# Leather Palmed gloves



## arsenic0 (Nov 11, 2008)

Do leather palm gloves really work? For some reason i would envision them falling apart really easy at the seam between the leather and cloth ....


----------



## Guest (Dec 3, 2009)

I have dakine cobra's for this season, have yet to try them on the mountain, but like they fit and seem like they'll be warm enough. not quiet sure on the breathability however


----------



## jmacphee9 (Nov 11, 2008)

arsenic0 said:


> Do leather palm gloves really work? For some reason i would envision them falling apart really easy at the seam between the leather and cloth ....


my buddy has 4 seasons on his old ronins lol...they look like hell but they have lasted. 

looking for gloves is a pain in the ass lol. those dakines look nice, ill check them out.


----------



## crazyface (Mar 1, 2008)

i have some dakine cobras in red. they durability and waterproofing is great on them. i always put my hand down when carving on ice and it doesnt do anything to these mittens, while it would shred my older gloves. breathability seems good enough, the fact that i have no complaints about it should say its good.


----------



## Ghost_Rider_X (Oct 16, 2009)

i have some burton leather shaun white gloves...not sure of the model, but i believe they're burton RPM gloves. i was looking for a leather glove and got an awesome deal on these. probably have 75 days on them w/o any problems. thin, warm, waterproof, and holding up really well. breathability is the only issue, but not too bad though.


----------



## mtmgiants (Sep 30, 2008)

just got the grenade gas gloves for my birthday they seem really nice and all of the reviews for them are good.


----------



## Guest (Dec 4, 2009)

crazyface said:


> i have some dakine cobras in red. they durability and waterproofing is great on them. i always put my hand down when carving on ice and it doesnt do anything to these mittens, while it would shred my older gloves. breathability seems good enough, the fact that i have no complaints about it should say its good.

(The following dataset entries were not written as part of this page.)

(* Let $f:\mathbf{R}^d\times\mathbf{R}^n\to\mathbf{R}^d$ be Lipschitz continuous in the state variable with constant $L$, i.e. $\|f(x,a)-f(x',a)\|\le L\|x-x'\|$ for all $x,x'\in\mathbf{R}^d$ and all actions $a$, and odd in the action variable, i.e. $f(x,-a)=-f(x,a)$ for all $x,a$. Let $c>0$ and let $a:[0,2]\to[-c,c]^n$ be an action signal, and let $x:[0,2]\to\mathbf{R}^d$ be a solution of $\dot x(t)=f(x(t),a(t))$. Assume that $a(1+t)=-a(1-t)$ for all $t\in[0,1]$. Then $x(2-t)=x(t)$ for all $t\in[0,1]$.
   Context: This models teleoperation with a learned action map: $x(t)\in\mathbf{R}^d$ is the robot state (joint configuration), $a(t)\in\mathbf{R}^n$ with $n\ll d$ is the user's low-dimensional action, taking values in the bounded symmetric domain $[-c,c]^n$, and $f$ maps states and actions to state velocities, so the system evolves by $\dot x(t)=f(x(t),a(t))$. *)

theory Defs
  imports "HOL-Analysis.Analysis"
begin

end

theory Submission
  imports Defs
begin

text \<open>
  Reflecting the trajectory, \<open>y t = x (2 - t)\<close>, and using the antisymmetry of the action signal
  together with the oddness of \<open>f\<close>, shows that \<open>y\<close> solves the same equation
  \<open>y' = f y (a t)\<close> on \<open>[0, 1]\<close> as \<open>x\<close>, and both agree at \<open>t = 1\<close>. Their difference
  \<open>z\<close> satisfies \<open>\<parallel>z'\<parallel> \<le> L \<parallel>z\<parallel>\<close>, so \<open>exp (2 L t) \<parallel>z t\<parallel>\<^sup>2\<close> is nondecreasing; being
  nonnegative and zero at \<open>t = 1\<close>, it vanishes on \<open>[0, 1]\<close>.
\<close>

lemma has_vector_derivative_reflect:
  assumes "(x has_vector_derivative v) (at (c - t) within (\<lambda>s. c - s) ` S)"
  shows "((\<lambda>s. x (c - s)) has_vector_derivative - v) (at t within S)"
proof -
  have "((\<lambda>s. c - s) has_vector_derivative -1) (at t within S)"
    by (auto intro!: derivative_eq_intros simp: has_vector_derivative_def)
  from vector_diff_chain_within[OF this assms] show ?thesis
    by (simp add: o_def)
qed

lemma has_real_derivative_exp_weighted_inner_self:
  fixes z :: "real \<Rightarrow> 'a::real_inner"
  assumes "(z has_vector_derivative w) (at t within S)"
  shows "((\<lambda>s. exp (k * s) * (z s \<bullet> z s)) has_real_derivative
           exp (k * t) * (k * (z t \<bullet> z t) + 2 * (z t \<bullet> w))) (at t within S)"
  using assms unfolding has_vector_derivative_def
  by (auto intro!: derivative_eq_intros
           simp: has_field_derivative_def inner_commute algebra_simps fun_eq_iff)

lemma DERIV_nonneg_within_imp_nondecreasing:
  fixes \<phi> :: "real \<Rightarrow> real"
  assumes "a \<le> b"
    and deriv: "\<And>s. s \<in> {a..b} \<Longrightarrow> (\<phi> has_real_derivative \<phi>' s) (at s within {a..b})"
    and nonneg: "\<And>s. s \<in> {a..b} \<Longrightarrow> \<phi>' s \<ge> 0"
  shows "\<phi> a \<le> \<phi> b"
proof (rule DERIV_nonneg_imp_increasing_open[OF \<open>a \<le> b\<close>])
  show "continuous_on {a..b} \<phi>"
    using deriv by (rule DERIV_continuous_on)
  fix s assume "a < s" "s < b"
  then have "s \<in> interior {a..b}" and "s \<in> {a..b}" by auto
  then have "(\<phi> has_real_derivative \<phi>' s) (at s)"
    using deriv at_within_interior by metis
  with nonneg \<open>s \<in> {a..b}\<close> show "\<exists>y. (\<phi> has_real_derivative y) (at s) \<and> 0 \<le> y"
    by blast
qed

lemma linearly_bounded_derivative_vanishes_backward:
  fixes z :: "real \<Rightarrow> 'a::real_inner"
  assumes deriv: "\<And>s. s \<in> {t0..t1} \<Longrightarrow> (z has_vector_derivative z' s) (at s within {t0..t1})"
    and bound: "\<And>s. s \<in> {t0..t1} \<Longrightarrow> norm (z' s) \<le> L * norm (z s)"
    and zero: "z t1 = 0"
    and t: "t \<in> {t0..t1}"
  shows "z t = 0"
proof -
  define \<phi> where "\<phi> s = exp (2 * L * s) * (z s \<bullet> z s)" for s
  define \<phi>' where "\<phi>' s = exp (2 * L * s) * (2 * L * (z s \<bullet> z s) + 2 * (z s \<bullet> z' s))" for s
  have "\<phi> t \<le> \<phi> t1"
  proof (rule DERIV_nonneg_within_imp_nondecreasing[of t t1 \<phi> \<phi>'])
    fix s assume "s \<in> {t..t1}"
    with t have "s \<in> {t0..t1}" by auto
    show "(\<phi> has_real_derivative \<phi>' s) (at s within {t..t1})"
      using has_real_derivative_exp_weighted_inner_self[OF deriv[OF \<open>s \<in> {t0..t1}\<close>]]
      unfolding \<phi>_def[abs_def] \<phi>'_def
      by (rule has_field_derivative_subset) (use t in auto)
    have "\<bar>z s \<bullet> z' s\<bar> \<le> norm (z s) * norm (z' s)"
      by (rule Cauchy_Schwarz_ineq2)
    also have "\<dots> \<le> L * (z s \<bullet> z s)"
      using mult_left_mono[OF bound[OF \<open>s \<in> {t0..t1}\<close>] norm_ge_zero[of "z s"]]
      by (simp add: dot_square_norm power2_eq_square algebra_simps)
    finally show "\<phi>' s \<ge> 0"
      unfolding \<phi>'_def by (simp add: abs_le_iff)
  qed (use t in auto)
  also have "\<phi> t1 = 0"
    by (simp add: \<phi>_def zero)
  finally have "z t \<bullet> z t \<le> 0"
    by (simp add: \<phi>_def mult_le_0_iff)
  then show ?thesis
    by (metis antisym inner_eq_zero_iff inner_ge_zero)
qed

theorem theorem1:
  fixes f :: "real ^ 'd \<Rightarrow> real ^ 'n \<Rightarrow> real ^ 'd"
    and L c :: real
    and a :: "real \<Rightarrow> real ^ 'n"
    and x :: "real \<Rightarrow> real ^ 'd"
  assumes lip: "\<And>y y' u. norm (f y u - f y' u) \<le> L * norm (y - y')"
    and odd: "\<And>y u. f y (- u) = - f y u"
    and c_pos: "c > 0"
    and a_bounded: "\<And>t i. t \<in> {0..2} \<Longrightarrow> \<bar>a t $ i\<bar> \<le> c"
    and sol: "\<And>t. t \<in> {0..2} \<Longrightarrow>
                 (x has_vector_derivative f (x t) (a t)) (at t within {0..2})"
    and sym: "\<And>t. t \<in> {0..1} \<Longrightarrow> a (1 + t) = - a (1 - t)"
  shows "\<forall>t \<in> {0..1}. x (2 - t) = x t"
proof
  define y where "y t = x (2 - t)" for t
  have x_solves: "(x has_vector_derivative f (x t) (a t)) (at t within {0..1})" if "t \<in> {0..1}" for t
    using sol[of t] that by (auto intro: has_vector_derivative_within_subset)
  have y_solves: "(y has_vector_derivative f (y t) (a t)) (at t within {0..1})" if t: "t \<in> {0..1}" for t
  proof -
    have "(x has_vector_derivative f (x (2 - t)) (a (2 - t))) (at (2 - t) within (\<lambda>s. 2 - s) ` {0..1})"
      using sol[of "2 - t"] t by (auto intro: has_vector_derivative_within_subset)
    moreover have "a (2 - t) = - a t"
      using sym[of "1 - t"] t by auto
    ultimately show ?thesis
      using has_vector_derivative_reflect odd unfolding y_def[abs_def] by fastforce
  qed
  fix t :: real assume "t \<in> {0..1}"
  have "x t - y t = 0"
  proof (rule linearly_bounded_derivative_vanishes_backward[where L = L])
    show "((\<lambda>t. x t - y t) has_vector_derivative f (x s) (a s) - f (y s) (a s)) (at s within {0..1})"
      if "s \<in> {0..1}" for s
      using x_solves[OF that] y_solves[OF that] by (rule has_vector_derivative_diff)
  qed (use lip \<open>t \<in> {0..1}\<close> in \<open>auto simp: y_def\<close>)
  then show "x (2 - t) = x t"
    by (simp add: y_def)
qed

end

good to hear, how warm are they?


----------



## twin89 (Jan 21, 2009)

i have the dakine cobras too in brown, and they are really nice, but i think the water proofinghas worn off i need to get some more. they are not overly warm or cool, i can wear em in spring but i would def goto my mittens if it is below freezing. (my hands get cold really easily)


----------



## jmacphee9 (Nov 11, 2008)

mtmgiants said:


> just got the grenade gas gloves for my birthday they seem really nice and all of the reviews for them are good.

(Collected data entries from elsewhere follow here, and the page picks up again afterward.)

lemma cyclic_pairs_insert_after:
  assumes "i < length p"
  obtains A B where "cyclic_pairs p = A @ (p ! i, nxt p i) # B"
    and "cyclic_pairs (insert_after p i m) = A @ (p ! i, m) # (m, nxt p i) # B"
proof -
  define xs where "xs = take (Suc i) (p @ [hd p])"
  define ys where "ys = drop (Suc i) (p @ [hd p])"
  have xs: "xs \<noteq> []" "last xs = p ! i"
    using assms by (auto simp: xs_def take_Suc_conv_app_nth)
  have ys: "ys \<noteq> []" "hd ys = nxt p i"
    using assms by (simp_all add: ys_def nxt_conv_nth_append_hd hd_drop_conv_nth del: drop_append)
  have "hd (insert_after p i m) = hd p"
    using assms by (cases p) (auto simp: insert_after_def)
  then have "insert_after p i m @ [hd (insert_after p i m)] = xs @ m # ys"
    using assms by (simp add: insert_after_def xs_def ys_def)
  then show thesis
    using that[of "adj_pairs xs" "adj_pairs ys"] xs ys
    by (simp add: cyclic_pairs_def adj_pairs_append adj_pairs_Cons
        flip: append_take_drop_id[of "Suc i" "p @ [hd p]", folded xs_def ys_def])
qed

lemma insert_after_inj:
  assumes "m \<notin> set p" "m \<notin> set q" "i < length p" "j < length q"
    and "insert_after p i m = insert_after q j m"
  shows "p = q" "i = j"
proof -
  have "m \<notin> set (take (Suc i) p)" "m \<notin> set (drop (Suc i) p)"
    using assms(1) by (auto dest: in_set_takeD in_set_dropD)
  then have "take (Suc i) p = take (Suc j) q" "drop (Suc i) p = drop (Suc j) q"
    using assms(5) append_Cons_eq_iff by (fastforce simp: insert_after_def)+
  then show "p = q" "i = j"
    using assms(3,4) by (metis append_take_drop_id, metis length_take min_absorb2 Suc_leI Suc_inject)
qed

definition odd_drop :: "nat \<times> nat \<Rightarrow> bool" where
  "odd_drop e \<longleftrightarrow> snd e < fst e \<and> odd (fst e) \<and> odd (snd e)"

definition drop_to_odd :: "nat \<times> nat \<Rightarrow> bool" where
  "drop_to_odd e \<longleftrightarrow> (snd e < fst e \<longrightarrow> odd (snd e))"

lemma drop_oo_eq_length_filter: "drop_oo p = length (filter odd_drop (cyclic_pairs p))"
  unfolding drop_oo_def length_filter_conv_card
  by (rule arg_cong[where f = card]) (auto simp: drop_pos_def nth_cyclic_pairs odd_drop_def)

lemma mem_cycles_o_iff:
  "p \<in> cycles_o L \<longleftrightarrow> p \<in> cycle_reps L \<and> (\<forall>e \<in> set (cyclic_pairs p). drop_to_odd e)"
  by (auto simp: cycles_o_def drop_pos_def all_set_conv_all_nth nth_cyclic_pairs drop_to_odd_def)

lemma cycles_oD:
  assumes "p \<in> cycles_o L"
  shows "length p = L" "distinct p" "set p = {1..L}" "p ! 0 = 1"
  using assms by (auto simp: cycles_o_def cycle_reps_def)

definition odd_succ_positions :: "nat list \<Rightarrow> nat set" where
  "odd_succ_positions p = {i. i < length p \<and> odd (nxt p i)}"

lemma card_odd_atLeastAtMost: "card {k \<in> {1..n}. odd k} = Suc n div 2"
proof (induction n)
  case (Suc n)
  have "{k \<in> {1..Suc n}. odd k} =
      (if odd (Suc n) then insert (Suc n) {k \<in> {1..n}. odd k} else {k \<in> {1..n}. odd k})"
    by (auto simp: atLeastAtMostSuc_conv)
  then show ?case using Suc by auto
qed simp
lemma canon_coeff_slope: "canon_coeff \<alpha> \<beta> F w + z * of_int w = F a + of_int w * (z - a)"
  and canon_coeff_succ: "canon_coeff \<alpha> \<beta> F (w + 1) + z * of_int (w + 1) = F a + of_int (w + 1) * (z - a)"
  and canon_coeff_pred: "canon_coeff \<alpha> \<beta> F (w - 1) + z * of_int (w - 1) = F b + of_int (w - 1) * (z - b)"
  by (simp_all only: canon_coeff_at_a[OF supporting_at_a] canon_coeff_at_a[OF supporting_succ]
      canon_coeff_at_b[OF supporting_pred]) (simp_all add: algebra_simps)

lemma canon_coeff_other_slope:
  assumes u: "u \<noteq> w" and z: "z \<in> {a..b}"
  shows "F z + min (z - a) (b - z) \<le> canon_coeff \<alpha> \<beta> F u + z * of_int u"
proof (cases "w < u")
  case True
  have "F z + (z - a) = F a + of_int (w + 1) * (z - a)" using affine[OF z] by (simp add: algebra_simps)
  also have "\<dots> \<le> F a + of_int u * (z - a)" using True z by (intro add_left_mono mult_right_mono) auto
  also have "\<dots> \<le> canon_coeff \<alpha> \<beta> F u + z * of_int u"
    using trop_series_le_canon_coeff[OF trop_series, of a u] bounds by (simp add: algebra_simps)
  finally show ?thesis using min.cobounded1[of "z - a" "b - z"] by linarith
next
  case False
  have "F z + (b - z) = F b + of_int (w - 1) * (z - b)" using affine[OF z] F_b by (simp add: algebra_simps)
  also have "\<dots> \<le> F b + of_int u * (z - b)" using False u z by (intro add_left_mono mult_right_mono_neg) auto
  also have "\<dots> \<le> canon_coeff \<alpha> \<beta> F u + z * of_int u"
    using trop_series_le_canon_coeff[OF trop_series, of b u] bounds by (simp add: algebra_simps)
  finally show ?thesis using min.cobounded2[of "z - a" "b - z"] by linarith
qed

lemma add_tent_le_raised_term:
  assumes c: "0 \<le> c" "2 * c \<le> b - a" and z: "z \<in> {\<alpha>..\<beta>}"
  shows "F z + tent a b c z \<le> canon_coeff \<alpha> \<beta> F v + (if v = w then c else 0) + z * of_int v"
proof (cases "z \<in> {a..b}")
  case True
  then have tent: "tent a b c z = min (min (z - a) (b - z)) c" using c by (simp add: tent_eq_min)
  show ?thesis
  proof (cases "v = w")
    case True
    then show ?thesis using tent canon_coeff_slope[of z] affine[OF \<open>z \<in> {a..b}\<close>] by simp
  next
    case False
    then show ?thesis using tent canon_coeff_other_slope[OF False \<open>z \<in> {a..b}\<close>] by simp
  qed
next
  case False
  then have "tent a b c z = 0" using c by (intro tent_outside) auto
  then show ?thesis using trop_series_le_canon_coeff[OF trop_series z, of v] c by auto
qed
(* For every finite graph $G=(V,E)$, \[ d_{\mathrm{swap}}(G) \ge \left\lceil \frac{b^2(G) - 2}{2} \right\rceil. \]
   Context: Linear-connectivity swap network model: for $G=(V,E)$ with $|V|=n$, qubits occupy positions $0,\ldots,n-1$ on a line; a configuration is a bijection $\pi:V\to\{0,\ldots,n-1\}$; a swap layer is a set of pairwise disjoint pairs of adjacent positions $\{i,i+1\}$, and applying it exchanges the vertices at the two positions of each pair. A swap network for $G$ is an initial configuration $\pi_0$ (chosen freely) followed by swap layers $L_1,\ldots,L_d$ producing configurations $\pi_0,\ldots,\pi_d$, such that for every edge $\{v,w\}\in E$ there is some $t$ with $|\pi_t(v)-\pi_t(w)|=1$. Its swap depth is $d$, and $d_{\mathrm{swap}}(G)$ is the minimum swap depth over all swap networks for $G$. An order of $V$ is a bijection $r: V \to \{0,\ldots,|V|-1\}$; $R(V)$ is the set of all orders. For $W\subseteq V$, the order bandwidth is $b_r(W)=\max_{w\in W} r(w)-\min_{w\in W} r(w)$. Let $L_2(G)$ be the set of subgraphs of $G$ that are paths with two edges (three distinct vertices $v_1,v_2,v_3$ with $\{v_1,v_2\},\{v_2,v_3\}\in E$), and for $S\in L_2(G)$ let $V_S$ be its vertex set. The graph 2-bandwidth is $b^2(G)=\min_{r\in R(V)}\max_{S\in L_2(G)} b_r(V_S)$. *)

theory Defs
  imports Complex_Main
begin

definition finite_graph :: "'a set \<Rightarrow> 'a set set \<Rightarrow> bool" where
  "finite_graph V E \<longleftrightarrow> finite V \<and> (\<forall>e\<in>E. e \<subseteq> V \<and> card e = 2)"

definition is_config :: "'a set \<Rightarrow> ('a \<Rightarrow> nat) \<Rightarrow> bool" where
  "is_config V \<pi> \<longleftrightarrow> bij_betw \<pi> V {0..<card V}"

definition swap_layer :: "nat \<Rightarrow> nat set set \<Rightarrow> bool" where
  "swap_layer n L \<longleftrightarrow> (\<forall>P\<in>L. \<exists>i. P = {i, i+1} \<and> i + 1 < n)
     \<and> (\<forall>P\<in>L. \<forall>Q\<in>L. P \<noteq> Q \<longrightarrow> P \<inter> Q = {})"

definition move_pos :: "nat set set \<Rightarrow> nat \<Rightarrow> nat" where
  "move_pos L p = (if {p, p+1} \<in> L then p + 1
                   else if 0 < p \<and> {p-1, p} \<in> L then p - 1 else p)"

definition apply_layer :: "nat set set \<Rightarrow> ('a \<Rightarrow> nat) \<Rightarrow> ('a \<Rightarrow> nat)" where
  "apply_layer L \<pi> = move_pos L \<circ> \<pi>"

definition config_at :: "('a \<Rightarrow> nat) \<Rightarrow> nat set set list \<Rightarrow> nat \<Rightarrow> ('a \<Rightarrow> nat)" where
  "config_at \<pi>0 Ls t = foldl (\<lambda>\<pi> L. apply_layer L \<pi>) \<pi>0 (take t Ls)"

definition swap_network :: "'a set \<Rightarrow> 'a set set \<Rightarrow> ('a \<Rightarrow> nat) \<Rightarrow> nat set set list \<Rightarrow> bool" where
  "swap_network V E \<pi>0 Ls \<longleftrightarrow> is_config V \<pi>0
     \<and> (\<forall>L\<in>set Ls. swap_layer (card V) L)
     \<and> (\<forall>e\<in>E. \<exists>v w. e = {v, w} \<and>
          (\<exists>t\<le>length Ls. \<bar>int (config_at \<pi>0 Ls t v) - int (config_at \<pi>0 Ls t w)\<bar> = 1))"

hmm you couldnt pay me to use grenade lol. im looking at some burton RPMs and some dakines those look like my top two choices right now. also looking for some pow or celteks if i find a good price but i dont think its happening.


----------



## Guest (Dec 4, 2009)

leather gloves are waterproof as all hell. though i personally wouldn't sacrifice the breathability of GORETEX!!!


----------